• **What you should do**
Once you find the line with "(simp add: inner_commute)" in the data that follows, repeat it and every line after it exactly, through the line with "(* Let $s\ge".

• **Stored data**
lemma norm_cinner_le: "cmod (cinner J x y) \<le> \<bar>inner x y\<bar> + \<bar>inner (J x) y\<bar>"
  unfolding cinner_def using cmod_le[of "Complex (inner x y) (inner (J x) y)"] by simp

lemma selfadjoint_op_iff:
  "selfadjoint_op J A \<longleftrightarrow> bounded_op J A \<and> (\<forall>x y. inner x (A y) = inner (A x) y)"
proof
  assume "selfadjoint_op J A"
  then show "bounded_op J A \<and> (\<forall>x y. inner x (A y) = inner (A x) y)"
    unfolding selfadjoint_op_def cinner_def by (auto simp: complex_eq_iff)
next
  assume A: "bounded_op J A \<and> (\<forall>x y. inner x (A y) = inner (A x) y)"
  then have AJ: "\<And>x. A (J x) = J (A x)" by (simp add: bounded_op_def)
  show "selfadjoint_op J A"
    using A unfolding selfadjoint_op_def cinner_def by (auto simp: complex_eq_iff simp flip: AJ)
qed

lemma selfadjoint_op_symmetric: "selfadjoint_op J A \<Longrightarrow> inner x (A y) = inner (A x) y"
  by (simp add: selfadjoint_op_iff)

lemma inner_J_selfadjoint_op_self:
  assumes "selfadjoint_op J A"
  shows "inner (J x) (A x) = 0"
proof -
  have "A (J x) = J (A x)" using assms by (simp add: selfadjoint_op_def bounded_op_def)
  then have "inner (J x) (A x) = inner (J (A x)) x" by (simp add: selfadjoint_op_symmetric[OF assms])
  also have "\<dots> = - inner (A x) (J x)" by (rule inner_J_left)
  also have "\<dots> = - inner (J x) (A x)" by (simp add: inner_commute)
  finally show ?thesis by simp
qed
(* Let $s\ge 1$, $q=2^s$, and let $k,n$ be integers with $n\ge 2k\ge 2$. Let $g(X)=X^k+c_{k-1}X^{k-1}+\dots+c_1X+c_0\in\mathbb{F}_q[X]$ be a monic polynomial of degree $k$ dividing $X^n-1$, and suppose the cyclic code of length $n$ over $\mathbb{F}_q$ generated by $g(X)$ (the set of polynomials of degree $<n$ that are multiples of $g$, viewed as vectors of coefficients, which is an $[n,n-k]_q$ code) is MDS. Let $C=\mathsf{Companion}(c_0,\dots,c_{k-1})$. Then the matrix $C^k$ is MDS.
   Context: For $c_0,\dots,c_{k-1}\in\mathbb{F}_q$, $\mathsf{Companion}(c_0,\dots,c_{k-1})$ denotes the $k\times k$ matrix whose first $k-1$ rows are $e_2,e_3,\dots,e_k$ (ones on the superdiagonal, zeros elsewhere) and whose last row is $(c_0,c_1,\dots,c_{k-1})$. A linear code over $\mathbb{F}_q$ of length $n$ and dimension $k'$ is MDS if its minimal Hamming distance equals $n-k'+1$. A $k\times k$ matrix $M$ over $\mathbb{F}_q$ is called MDS if the $k\times 2k$ matrix $[I_k\mid M]$ generates an MDS code of length $2k$ and dimension $k$ (equivalently, minimal distance $k+1$). *)

theory Defs
  imports "HOL-Computational_Algebra.Polynomial" "Jordan_Normal_Form.Matrix"
begin

definition hamming_dist :: "'a vec \<Rightarrow> 'a vec \<Rightarrow> nat" where
  "hamming_dist x y = card {i. i < dim_vec x \<and> x $ i \<noteq> y $ i}"

definition min_dist :: "'a vec set \<Rightarrow> nat" where
  "min_dist C = Min {hamming_dist x y | x y. x \<in> C \<and> y \<in> C \<and> x \<noteq> y}"
(* Assume (A1) and (A2) at time $k$, let $\phi$ satisfy (A3) at time $k$, and suppose that for a constant $\widetilde C_{k|k-1}$ independent of $N$, $\mathbb{E}|\langle\widetilde\pi^N_{k|k-1},\beta_k\rangle-\langle\pi_{k|k-1},\beta_k\rangle|^4\le\widetilde C_{k|k-1}\|\beta_k\|_\infty^4/N^2$ and $\mathbb{E}|\langle\widetilde\pi^N_{k|k-1},\beta_k\phi\rangle-\langle\pi_{k|k-1},\beta_k\phi\rangle|^4\le\widetilde C_{k|k-1}\|\beta_k\|_\infty^4\|\phi\|^4_{k-1,4}/N^2$. Then $$\mathbb{E}\big|\langle\widetilde\pi^N_{k|k},\phi\rangle-\langle\pi_{k|k},\phi\rangle\big|^4\le\widetilde C_{k|k}\frac{\|\phi\|^4_{k-1,4}}{N^2},\qquad \widetilde C_{k|k}^{1/4}=\frac{\widetilde C_{k|k-1}^{1/4}\|\beta_k\|_\infty}{\gamma_k\langle\pi_{k|k-1},\beta_k\rangle}\big(\|\beta_k\phi\|_\infty+\gamma_k\big).$$
   Context: Notation: for a measure $\nu$ and function $\phi$, $\langle\nu,\phi\rangle=\int\phi\,d\nu$; $\|f\|_\infty$ is the supremum norm. Fixed data: integer $k\ge1$; deterministic vectors $\mathbf{x}_0,\dots,\mathbf{x}_k\in\mathbb{R}^{n_x}$ (defender's true states) and $\mathbf{a}_1,\dots,\mathbf{a}_k\in\mathbb{R}^{n_a}$ (defender's observations); a conditional density $\rho(\mathbf{y}|\mathbf{x})$ in $\mathbf{y}\in\mathbb{R}^{n_y}$; a conditional density $\beta(\mathbf{a}|\hat{\mathbf{x}})$ in $\mathbf{a}\in\mathbb{R}^{n_a}$, $\hat{\mathbf{x}}\in\mathbb{R}^{n_x}$; measurable maps $T_s:\mathbb{R}^{n_x}\times\mathbb{R}^{n_y}\to\mathbb{R}^{n_x}$, $s=1,\dots,k$ (the attacker's forward-filter update $\hat{\mathbf{x}}_s=T_s(\hat{\mathbf{x}}_{s-1},\mathbf{y}_s)$). Write $\beta_s(\hat{\mathbf{x}},\mathbf{y})=\beta(\mathbf{a}_s|\hat{\mathbf{x}})$ and, for a function $\psi$ of $(\hat{\mathbf{x}},\mathbf{y})$, $(\delta_T\rho\psi)_s(\hat{\mathbf{x}}',\mathbf{y}')=\int\psi(T_s(\hat{\mathbf{x}}',\mathbf{y}),\mathbf{y})\rho(\mathbf{y}|\mathbf{x}_s)\,d\mathbf{y}$ (abbreviated $\delta_T\rho\psi$). Optimal inverse filter: probability measures on $\mathbb{R}^{n_x}\times\mathbb{R}^{n_y}$ defined from $\pi_{0|0}=\pi_0$ by $\langle\pi_{s|s-1},\psi\rangle=\langle\pi_{s-1|s-1},\delta_T\rho\psi\rangle$ and $\langle\pi_{s|s},\psi\rangle=\langle\pi_{s|s-1},\beta_s\psi\rangle/\langle\pi_{s|s-1},\beta_s\rangle$. I-PF with $N$ particles and thresholds $\gamma_s>0$: draw $\hat{\mathbf{x}}^i_0$ i.i.d. from a given distribution $\widetilde\pi^x_0$ and, independently, $\mathbf{y}^i_0$ i.i.d. from $\rho(\cdot|\mathbf{x}_0)$, $i=1,\dots,N$; $\pi_0$ is the (product) law of $(\hat{\mathbf{x}}^i_0,\mathbf{y}^i_0)$ and $\pi^N_{0|0}=\frac1N\sum_i\delta_{(\hat{\mathbf{x}}^i_0,\mathbf{y}^i_0)}$. For $s\ge1$, given particles $(\hat{\mathbf{x}}^i_{s-1},\mathbf{y}^i_{s-1})$: (1) draw conditionally i.i.d. $\bar{\mathbf{y}}^i_s\sim\rho(\cdot|\mathbf{x}_s)$ and set $\bar{\hat{\mathbf{x}}}^i_s=T_s(\hat{\mathbf{x}}^i_{s-1},\bar{\mathbf{y}}^i_s)$; (2) if $\frac1N\sum_i\beta(\mathbf{a}_s|\bar{\hat{\mathbf{x}}}^i_s)\ge\gamma_s$, accept and set $(\tilde{\hat{\mathbf{x}}}^i_s,\tilde{\mathbf{y}}^i_s)=(\bar{\hat{\mathbf{x}}}^i_s,\bar{\mathbf{y}}^i_s)$; otherwise redo (1) independently; (3) set $\widetilde\pi^N_{s|s-1}=\frac1N\sum_i\delta_{(\tilde{\hat{\mathbf{x}}}^i_s,\tilde{\mathbf{y}}^i_s)}$, weights $\omega^i_s=\beta(\mathbf{a}_s|\tilde{\hat{\mathbf{x}}}^i_s)/\sum_j\beta(\mathbf{a}_s|\tilde{\hat{\mathbf{x}}}^j_s)$, $\widetilde\pi^N_{s|s}=\sum_i\omega^i_s\delta_{(\tilde{\hat{\mathbf{x}}}^i_s,\tilde{\mathbf{y}}^i_s)}$; (4) draw $N$ conditionally i.i.d. $(\hat{\mathbf{x}}^i_s,\mathbf{y}^i_s)\sim\widetilde\pi^N_{s|s}$ and set $\pi^N_{s|s}=\frac1N\sum_i\delta_{(\hat{\mathbf{x}}^i_s,\mathbf{y}^i_s)}$. Expectations $\mathbb{E}$ are over the particle randomness. Norm: $\|\phi\|_{s,4}=\max\{1,\max_{0\le r\le s}\langle\pi_{r|r},|\phi|^4\rangle^{1/4}\}$. Assumptions: (A1) for $s=1,\dots,k$, $\langle\pi_{s|s-1},\beta_s\rangle>0$ and $0<\gamma_s<\langle\pi_{s|s-1},\beta_s\rangle$. (A2) $\beta(\mathbf{a}_s|\cdot)$ and $\rho(\cdot|\mathbf{x}_s)$ are bounded for $s=1,\dots,k$. (A3) for $s=1,\dots,k$, $\sup_{(\hat{\mathbf{x}},\mathbf{y})}|\phi(\hat{\mathbf{x}},\mathbf{y})|^4\beta(\mathbf{a}_s|\hat{\mathbf{x}})<\infty$. By construction (step (2)), $\langle\widetilde\pi^N_{k|k-1},\beta_k\rangle\ge\gamma_k$. *)

theory Defs
  imports "HOL-Probability.Probability"
begin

• **Your solution**
  also have "\<dots> = - inner (J x) (A x)" by (simp add: inner_commute)
  finally show ?thesis by simp
qed
(* Let $s\ge 1$, $q=2^s$, and let $k,n$ be integers with $n\ge 2k\ge 2$. Let $g(X)=X^k+c_{k-1}X^{k-1}+\dots+c_1X+c_0\in\mathbb{F}_q[X]$ be a monic polynomial of degree $k$ dividing $X^n-1$, and suppose the cyclic code of length $n$ over $\mathbb{F}_q$ generated by $g(X)$ (the set of polynomials of degree $<n$ that are multiples of $g$, viewed as vectors of coefficients, which is an $[n,n-k]_q$ code) is MDS. Let $C=\mathsf{Companion}(c_0,\dots,c_{k-1})$. Then the matrix $C^k$ is MDS.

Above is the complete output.